It's a guy thing; European men's magazines being eclipsed by web
"They are a casualty of the Internet. That is for sure," Dominique D'Hinnin, Chief Financial Officer of French media group Lagardere told investors. " "It is men's magazines that I am talking about, magazines with women with not too many clothes."
Major magazine publishers such as London-based media group Emap, Germany's Axel Springer and France's Lagardere have seen magazine assets for women surging while men's magazines droop.
Steffan Naumann, chief operating officer and chief financial officer at Axel Springer said segments such as those catering for women are growing, "but in Germany, certainly not the men's market category".
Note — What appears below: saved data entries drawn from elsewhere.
(* Let $q=2^m$ with $m\ge 4$ even. Let $\bar{\mathbb D}$ be the incidence structure with point set $U_{q+1}$ whose blocks are the sets $U_{q+1}\setminus B$ for $B\in \mathcal B_{q-4}(\mathrm{Tr}_{q^2/q}(\mathcal C_{\{3,5\}}))$. Then $\bar{\mathbb D}$ is isomorphic to the Witt spherical geometry design with parameters $3$-$(2^m+1,5,1)$, namely the design with point set $\mathrm{PG}(1,2^m)$ whose blocks are the images of the $5$-set $\mathrm{PG}(1,4)=\mathrm{GF}(4)\cup\{\infty\}$ under $\mathrm{PGL}_2(\mathrm{GF}(2^m))$.
   Context: $U_{q+1}$ is the set of $(q+1)$-th roots of unity in $\mathrm{GF}(q^2)$; coordinates are indexed by $U_{q+1}$. $\mathcal C_{\{3,5\}}=\{(a_3u^3+a_{q-2}u^{q-2}+a_5u^5+a_{q-4}u^{q-4})_{u\in U_{q+1}}: a_i\in\mathrm{GF}(q^2)\}$; $\mathrm{Tr}_{q^2/q}(\mathcal C)$ is obtained by applying $x\mapsto x+x^q$ coordinatewise. $\mathcal B_w(\mathcal C)$ is the set of supports of codewords of Hamming weight $w$. $\mathrm{GF}(4)\subseteq\mathrm{GF}(2^m)$ since $m$ is even, and $\mathrm{PGL}_2(\mathrm{GF}(2^m))$ acts on $\mathrm{PG}(1,2^m)=\mathrm{GF}(2^m)\cup\{\infty\}$ by linear fractional transformations. Two incidence structures are isomorphic if there is a bijection of point sets mapping the block set of one onto the block set of the other. *)

theory Defs
  imports Main
begin

text \<open>The ambient field GF(q^2), q = 2^m, is modelled by an arbitrary finite field type
  'a of cardinality q^2 (unique up to isomorphism). GF(q) inside it is the set of x with x^q = x.\<close>

definition Uroots :: "nat \<Rightarrow> 'a::field set" where
  "Uroots q = {u. u ^ (q + 1) = 1}"

definition subfield_of :: "nat \<Rightarrow> 'a::field set" where
  "subfield_of k = {x. x ^ k = x}"

definition trace :: "nat \<Rightarrow> 'a::field \<Rightarrow> 'a" where
  "trace q x = x + x ^ q"

text \<open>Codewords of Tr(C_{3,5}), as functions evaluated at the coordinates u in U_{q+1}.\<close>
definition trace_code35 :: "nat \<Rightarrow> ('a::field \<Rightarrow> 'a) set" where
  "trace_code35 q = {c. \<exists>a3 aq2 a5 aq4. c = (\<lambda>u. trace q
      (a3 * u ^ 3 + aq2 * u ^ (q - 2) + a5 * u ^ 5 + aq4 * u ^ (q - 4)))}"

definition supp_on :: "'a set \<Rightarrow> ('a \<Rightarrow> 'a::field) \<Rightarrow> 'a set" where
  "supp_on P c = {u \<in> P. c u \<noteq> 0}"

definition blocks_w :: "nat \<Rightarrow> nat \<Rightarrow> 'a::field set set" where
  "blocks_w q w = {supp_on (Uroots q) c | c. c \<in> trace_code35 q \<and> card (supp_on (Uroots q) c) = w}"

text \<open>Projective line PG(1,k) over the subfield GF(k): None is the point at infinity.\<close>
definition PG1 :: "nat \<Rightarrow> 'a::field option set" where
  "PG1 k = insert None (Some ` subfield_of k)"

definition pgl2 :: "nat \<Rightarrow> ('a::field \<times> 'a \<times> 'a \<times> 'a) set" where
  "pgl2 q = {(a, b, c, d). a \<in> subfield_of q \<and> b \<in> subfield_of q \<and> c \<in> subfield_of q
      \<and> d \<in> subfield_of q \<and> a * d - b * c \<noteq> 0}"

fun moebius :: "'a::field \<times> 'a \<times> 'a \<times> 'a \<Rightarrow> 'a option \<Rightarrow> 'a option" where
  "moebius (a, b, c, d) None = (if c = 0 then None else Some (a / c))"
| "moebius (a, b, c, d) (Some z) =
     (if c * z + d = 0 then None else Some ((a * z + b) / (c * z + d)))"

definition witt_blocks :: "nat \<Rightarrow> 'a::field option set set" where
  "witt_blocks q = {moebius g ` PG1 4 | g. g \<in> pgl2 q}"

definition inc_isomorphic :: "'p set \<Rightarrow> 'p set set \<Rightarrow> 'r set \<Rightarrow> 'r set set \<Rightarrow> bool" where
  "inc_isomorphic P1 B1 P2 B2 = (\<exists>f. bij_betw f P1 P2 \<and> (\<lambda>B. f ` B) ` B1 = B2)"

end

(*
  For u in U_{q+1} we have u^q = 1/u, so u^5 times the codeword of Tr(C_{3,5}) with
  coefficients a_3, a_{q-2}, a_5, a_{q-4} is the square of g u^5 + b u^4 + b^q u + g^q, where
  b^2 = a_3 + a_{q-2}^q and g^2 = a_5 + a_{q-4}^q.  The complements of the supports of weight
  q - 4 are therefore the 5-element zero sets of these polynomials on U_{q+1}.

  Fix \<omega> in GF(q^2) outside GF(q).  The Moebius map u |-> (\<omega>^q u + \<omega>) / (u + 1) sends U_{q+1}
  bijectively onto PG(1,q) and carries those zero sets onto the 5-element zero sets in PG(1,q)
  of the forms A x^5 + B x^4 y + C x y^4 + D y^5 with coefficients in GF(q).  In characteristic 2
  this family of forms is stable under linear substitution, so PGL_2(q), which is 3-transitive,
  acts on the zero sets.  Moving three zeros to infinity, 0 and 1 forces a form with five zeros
  to be a multiple of x^4 y + x y^4, whose zero set is PG(1,4).  Hence the 5-element zero sets
  are exactly the blocks of the Witt design.
*)

theory Submission
  imports Defs "HOL-Algebra.Algebraic_Closure_Type"
begin

section \<open>Finite fields\<close>

lemma ring_of_type_algebra_pow:
  "x [^]\<^bsub>ring_of_type_algebra\<^esub> n = (x :: 'a :: comm_ring_1) ^ n"
  by (induction n) (simp_all add: ring_of_type_algebra_def mult.commute)

lemma power_card_eq_same:
  fixes x :: "'a :: {field,finite}"
  shows "x ^ card (UNIV :: 'a set) = x"
proof (cases "x = 0")
  case False
  \<comment> \<open>The library version of this lemma needs the sort \<open>finite_field\<close>; we go through
    the unit group of the HOL-Algebra field structure of the type instead.\<close>
  interpret field "ring_of_type_algebra :: 'a ring" by blast
  have "Units (ring_of_type_algebra :: 'a ring) = UNIV - {0}"
    by (simp add: field_Units) (simp add: ring_of_type_algebra_def)
  with False have "x ^ card (UNIV - {0 :: 'a}) = 1"
    using units_power_order_eq_one[of x]
    by (simp add: ring_of_type_algebra_pow) (simp add: ring_of_type_algebra_def)
  moreover have "card (UNIV :: 'a set) = Suc (card (UNIV - {0 :: 'a}))"
    using finite_UNIV_card_ge_0[where 'a = 'a] by (simp add: card_Suc_Diff1)
  ultimately show ?thesis
    by (metis power_Suc mult_1_right)
qed (simp add: finite_UNIV_card_ge_0)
On Tuesday, London-based Emap said first-half underlying revenue in its consumer magazines division fell 6 percent.
However, this masked a strong performance by its women's weekly titles such as Grazia, Heat and Closer which grew 6 percent. Emap blamed a 14 percent slump in its portfolio of monthly magazines on weakness in men's titles.
Although men's magazines can and do still make money, publishers also have to decide if they should sell assets or reposition themselves in digital media by building Web sites that primarily focus on content such as fishing, golf and cars, the conference call was told.
D'Hinnin said such options as YouTube and web video services such as Dailymotion from France provide scantily clad women and joke-based content for teenagers and college boys for free."On the Internet it is easier to get, more fun and (young men) spend so much time with YouTube or Dailymotion they don't buy magazines any more," D'Hinnin said.